Huh? Where on earth did you find this little tidbit? Inbound links are the #1 thing that will make a page rank at ALL search engines. They are not JUST to drive traffic. I can make a blank page rank for any keywords phrase w/ enough inbound links... Oh wait... that could be the case at Bing maybe. How do you get .co.uk between .com and .net? .com and .net are likely the 2 best TLDs for Google.com followed closely by .org (which I agree has a more specialized conotation) ... Domains with .co.uk TLDs almost NEVER rank in Google.com. They are automatically assumed to be targetting Google.co.uk ONLY. Not sure why they are even in the comparison. .co.uk would be the #1 TLD to have if you want to rank in Google.co.uk but that is about it... It's worthless in any other Google index. 403 is a Permission Denied status code... when you try to browse a folder on a webserver to get a list of files but the server has been setup not to allow it. It has nothing to do with "forwarding" or "redirecting". I believe you meant 301 redirect.

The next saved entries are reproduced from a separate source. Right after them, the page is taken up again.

lemma uqd_bitrev_fibre_le:
  assumes uqd: "upper_quasi_density H mu" and adm: "admissible_H H" and "S \<subseteq> H"
  shows "mu {n \<in> S. bitrev m n = j} \<le> 1 / 2 ^ m"
proof (cases "\<exists>n\<^sub>0\<in>S. bitrev m n\<^sub>0 = j")
  case True
  then obtain n\<^sub>0 where "bitrev m n\<^sub>0 = j"
    by blast
  then have same_class: "v mod int (2 ^ m) = n\<^sub>0 mod int (2 ^ m)"
    if "v \<in> {n \<in> S. bitrev m n = j}" for v
    using that bitrev_eq_imp_mod_eq by auto
  have "mu {n \<in> S. bitrev m n = j} \<le> 1 / real (2 ^ m)"
    by (rule uqd_residue_class_le[OF uqd adm _ _ same_class]) (use \<open>S \<subseteq> H\<close> in auto)
  then show ?thesis
    by simp
next
  case False
  then have "{n \<in> S. bitrev m n = j} = {}"
    by auto
  then have "mu {n \<in> S. bitrev m n = j} = 0"
    using uqd_empty[OF uqd] by (simp only:)
  then show ?thesis
    by simp
qed

lemma uqd_cut_increment_le:
  assumes uqd: "upper_quasi_density H mu" and adm: "admissible_H H"
    and "X \<subseteq> H" "Z \<subseteq> H" "s \<le> t" "t - s \<le> 1 / 2 ^ m"
  shows "mu (X \<union> (Z \<inter> bitrev_cut t)) \<le> mu (X \<union> (Z \<inter> bitrev_cut s)) + 2 / 2 ^ m"
proof -
  define j where "j = \<lfloor>s * 2 ^ m\<rfloor>"
  define D where "D i = {n \<in> Z \<inter> bitrev_cut t. bitrev m n = i}" for i
  have DH: "D i \<subseteq> H" for i
    unfolding D_def using assms(4) by auto
  have "X \<union> (Z \<inter> bitrev_cut t) = (X \<union> (Z \<inter> bitrev_cut s)) \<union> (D j \<union> D (j + 1))"
    using bitrev_of_mem_cut_diff[OF assms(6)] bitrev_cut_mono[OF assms(5)]
    unfolding D_def j_def by auto
  then have "mu (X \<union> (Z \<inter> bitrev_cut t))
      \<le> mu (X \<union> (Z \<inter> bitrev_cut s)) + mu (D j \<union> D (j + 1))"
    using assms(3,4) DH by (auto intro: uqd_union_le[OF uqd])
  moreover have "mu (D j \<union> D (j + 1)) \<le> mu (D j) + mu (D (j + 1))"
    by (intro uqd_union_le[OF uqd] DH)
  moreover have fibre: "mu (D i) \<le> 1 / 2 ^ m" for i
    unfolding D_def by (rule uqd_bitrev_fibre_le[OF uqd adm]) (use assms(4) in auto)
  moreover have "1 / 2 ^ m + 1 / 2 ^ m = (2 :: real) / 2 ^ m"
    by simp
  ultimately show ?thesis
    using fibre[of j] fibre[of "j + 1"] by linarith
qed

text \<open>The witness is the supremum of the points where f is at most a.\<close>
lemma intermediate_value_no_upward_jumps:
  fixes f :: "real \<Rightarrow> real"
  assumes no_jump: "\<And>e. e > 0 \<Longrightarrow> \<exists>d>0. \<forall>s t. 0 \<le> s \<longrightarrow> s \<le> t \<longrightarrow> t \<le> 1 \<longrightarrow> t - s \<le> d
      \<longrightarrow> f t \<le> f s + e"
    and "f 0 \<le> a" "a \<le> f 1"
  shows "\<exists>t. 0 \<le> t \<and> t \<le> 1 \<and> f t = a"
proof -
  define S where "S = {t. 0 \<le> t \<and> t \<le> 1 \<and> f t \<le> a}"
  define \<tau> where "\<tau> = Sup S"
  have S: "0 \<in> S" "bdd_above S"
    unfolding S_def bdd_above_def using \<open>f 0 \<le> a\<close> by auto
  have \<tau>: "0 \<le> \<tau>" "\<tau> \<le> 1"
    unfolding \<tau>_def using S by (auto intro!: cSup_upper cSup_least simp: S_def)
  have "f \<tau> \<le> a"
  proof (rule ccontr)
    assume "\<not> f \<tau> \<le> a"
    then obtain d where "d > 0" and d: "\<forall>s t. 0 \<le> s \<longrightarrow> s \<le> t \<longrightarrow> t \<le> 1 \<longrightarrow> t - s \<le> d
        \<longrightarrow> f t \<le> f s + (f \<tau> - a) / 2"
      using no_jump[of "(f \<tau> - a) / 2"] by auto
    then obtain s where "s \<in> S" "\<tau> - d < s"
      using less_cSup_iff[of S "\<tau> - d"] S unfolding \<tau>_def by auto
    moreover have "s \<le> \<tau>"
      unfolding \<tau>_def using cSup_upper \<open>s \<in> S\<close> S by blast
    ultimately have "f \<tau> \<le> f s + (f \<tau> - a) / 2" "f s \<le> a"
      using d \<tau> unfolding S_def by auto
    then show False
      using \<open>\<not> f \<tau> \<le> a\<close> by (simp add: field_simps)
  qed
  moreover have "a \<le> f \<tau>"
  proof (rule ccontr)
    assume less: "\<not> a \<le> f \<tau>"
    then have "\<tau> < 1"
      using \<tau> \<open>a \<le> f 1\<close> by (cases "\<tau> = 1") auto
    obtain d where "d > 0" and d: "\<forall>s t. 0 \<le> s \<longrightarrow> s \<le> t \<longrightarrow> t \<le> 1 \<longrightarrow> t - s \<le> d
        \<longrightarrow> f t \<le> f s + (a - f \<tau>) / 2"
      using no_jump[of "(a - f \<tau>) / 2"] less by auto
    define t where "t = \<tau> + min d (1 - \<tau>)"
    have "\<tau> < t" "t \<le> 1" "t - \<tau> \<le> d"
      unfolding t_def using \<open>\<tau> < 1\<close> \<open>d > 0\<close> by auto
    then have "f t \<le> f \<tau> + (a - f \<tau>) / 2"
      using d \<tau> by auto
    then have "t \<in> S"
      using less \<open>\<tau> < t\<close> \<open>t \<le> 1\<close> \<tau> unfolding S_def by (simp add: field_simps)
    then show False
      using cSup_upper[OF _ S(2)] \<open>\<tau> < t\<close> unfolding \<tau>_def by fastforce
  qed
  ultimately show ?thesis
    using \<tau> by auto
qed

lemma uqd_strong_darboux:
  assumes uqd: "upper_quasi_density H mu" and adm: "admissible_H H"
  shows "strong_darboux H mu"
  unfolding strong_darboux_def
proof (intro allI impI)
  fix X Y a
  assume "X \<subseteq> Y" "Y \<subseteq> H" "mu X \<le> a" "a \<le> mu Y"
  define f where "f t = mu (X \<union> ((Y - X) \<inter> bitrev_cut t))" for t
  have "\<exists>d>0. \<forall>s t. 0 \<le> s \<longrightarrow> s \<le> t \<longrightarrow> t \<le> 1 \<longrightarrow> t - s \<le> d \<longrightarrow> f t \<le> f s + e"
    if "e > 0" for e
  proof -
    obtain m where "(1 / 2) ^ m < e / (2 :: real)"
      using real_arch_pow_inv[of "e / 2" "1 / 2"] \<open>e > 0\<close> by auto
    then have "2 / 2 ^ m < e"
      by (simp add: power_divide field_simps)
    show ?thesis
    proof (intro exI[of _ "1 / 2 ^ m"] conjI allI impI)
      fix s t :: real
      assume "s \<le> t" "t - s \<le> 1 / 2 ^ m"
      then have "f t \<le> f s + 2 / 2 ^ m"
        unfolding f_def using \<open>X \<subseteq> Y\<close> \<open>Y \<subseteq> H\<close>
        by (intro uqd_cut_increment_le[OF uqd adm]) auto
      then show "f t \<le> f s + e"
        using \<open>2 / 2 ^ m < e\<close> by linarith
    qed simp
  qed
  moreover have "f 0 = mu X" "f 1 = mu Y"
    unfolding f_def bitrev_cut_zero bitrev_cut_one using \<open>X \<subseteq> Y\<close> by (simp_all add: Un_absorb1)
  ultimately obtain t where "f t = a"
    using intermediate_value_no_upward_jumps[of f a] \<open>mu X \<le> a\<close> \<open>a \<le> mu Y\<close> by auto
  then show "\<exists>A. X \<subseteq> A \<and> A \<subseteq> Y \<and> mu A = a"
    unfolding f_def using \<open>X \<subseteq> Y\<close>
    by (intro exI[of _ "X \<union> ((Y - X) \<inter> bitrev_cut t)"]) auto
qed

theorem mainTheorem1:
  fixes H :: "int set"
  assumes "admissible_H H"
  shows "\<forall>mu. (upper_quasi_density H mu \<longrightarrow> strong_darboux H mu) \<and>
              (upper_density H mu \<longrightarrow> strong_darboux H mu)"
  using uqd_strong_darboux[OF _ assms] unfolding upper_density_def by blast

end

Thanks a ton guys, excellent.... and yes maybe he meant 301 Canonical, but I still assume that even 301's are useless... I had someone else tell me that doing a 301 with other highly relevant URL's to your main site could help, even if marginally so...
Yes I did mean 301 redirect. I didn't put .co.uk between .com and .net I just mean that neither .co.uk or .net carry as much weight as .com. I was speaking from a UK point of view, .co.uk carries more location specific weight here than .com. I wasn't aware that the original posters query was aimed purely at Google.com? I meant inner linking not backlinking, anyone could setup inner linking page to page so it does not affect ranking significantly.
It is absolutely worthless from an SEO perspective to buy a domain with the keywords in it that you want to rank for and then 301 redirect it to your main domain. The new domain that has the keyword will have no inbound links... so the 301 does nothing for you from an SEO perspective... There is no PR to forward from the new domain to the old domain (other than the tiny little bit of PR that each new page on the web is given just for existing). Because the new domain has no inbound links, there is no link text to forward credit for from the new to the old domain. The only way it would help would be if you built links to the new domain... But why do that? You could spend that same time building those links directly to your old site.
Makes sense, and with all that u can do to improve your site, using time wisely is paramount factor... thanks! I'll be sure to be back here, and hope more questions are welcome!